We should only do it if we need accurate statistics to fix one of the blockers.

comment:2 Changed 17 months ago by teor

Maybe these keys should only include measurements from the last 5 days?

comment:3 Changed 8 months ago by juga

Parent ID: #30719

Make it child of #30719, because it will make easier to understand what's going on and it seems important to deploy sbws in all bwauths.

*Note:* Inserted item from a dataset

(* Let $\omega_\xi$ be a pure translation-invariant stabilizer state on the spin-$1/2$ chain whose stabilizer generator $W(\xi)$ has length $2n+1$. Then with respect to any bipartite cut of the chain into a left and a right half-chain, $\omega_\xi$ contains exactly $n$ maximally entangled qubit pairs, i.e. $E(\omega_\xi)=\frac{\mathrm{length}(\xi)-1}{2}=n$.
   Context: $\mathcal{P}$ = Laurent polynomials in $u$ over $\mathbb{Z}_2$, $\mathcal{R}$ its palindromes. For $\xi=(\xi_+,\xi_-)\in\mathcal{P}^2$, $W(\xi)=\bigotimes_x W(\xi_+(x),\xi_-(x))$ on the chain $\bigotimes_{x\in\mathbb{Z}}M_2$ (coefficient of $u^x$ at site $x$), with $W(0,0)=\mathbb{1},W(1,0)=\sigma_1,W(0,1)=\sigma_3,W(1,1)=-i\sigma_2$. For $\xi$ reflection invariant ($\xi_\pm\in\mathcal{R}$) with $\gcd(\xi_+,\xi_-)=1$, the pure translation-invariant stabilizer state $\omega_\xi$ is the unique state with $\omega_\xi(A)=1$ for all $A$ in the stabilizer group $\mathcal{S}$ generated by all lattice translates of $W(\xi)$. The length of $\xi$ is the number of sites between the leftmost and rightmost non-identity factor of $W(\xi)$, inclusive (it equals $2\deg\xi+1$, $\deg\xi$ the highest exponent occurring in $\xi_\pm$). For a cut into half-chains $A$ (left) and $B$ (right), $E(\omega_\xi)$, the number of maximally entangled qubit pairs, is the number of pairs $(W(\eta^i),W(\zeta^i))$ of elements of $\mathcal{S}$ supported on both sides of the cut whose restrictions to $A$ anticommute within each pair, commute between different pairs, and commute with every element of $\mathcal{S}$ supported entirely in $A$ (each such pair behaves as a pair $(\sigma_1^A\otimes\sigma_1^B,\sigma_3^A\otimes\sigma_3^B)$ stabilizing a Bell pair), taken maximal. *)

theory Defs
  imports "HOL-Library.Poly_Mapping" "HOL-Library.Z2"
begin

comment:4 Changed 8 months ago by juga

Owner: set to juga
Status: newassigned

comment:5 Changed 7 months ago by juga

Reviewer: ahf, gk
Status: assignedneeds_review

I've created #33691 to make reviews or migrate to gitlab.tpo, in the meanwhile i've pushed to GH: https://github.com/torproject/sbws/pull/372.

See last commit documentation for some explanation about all changes.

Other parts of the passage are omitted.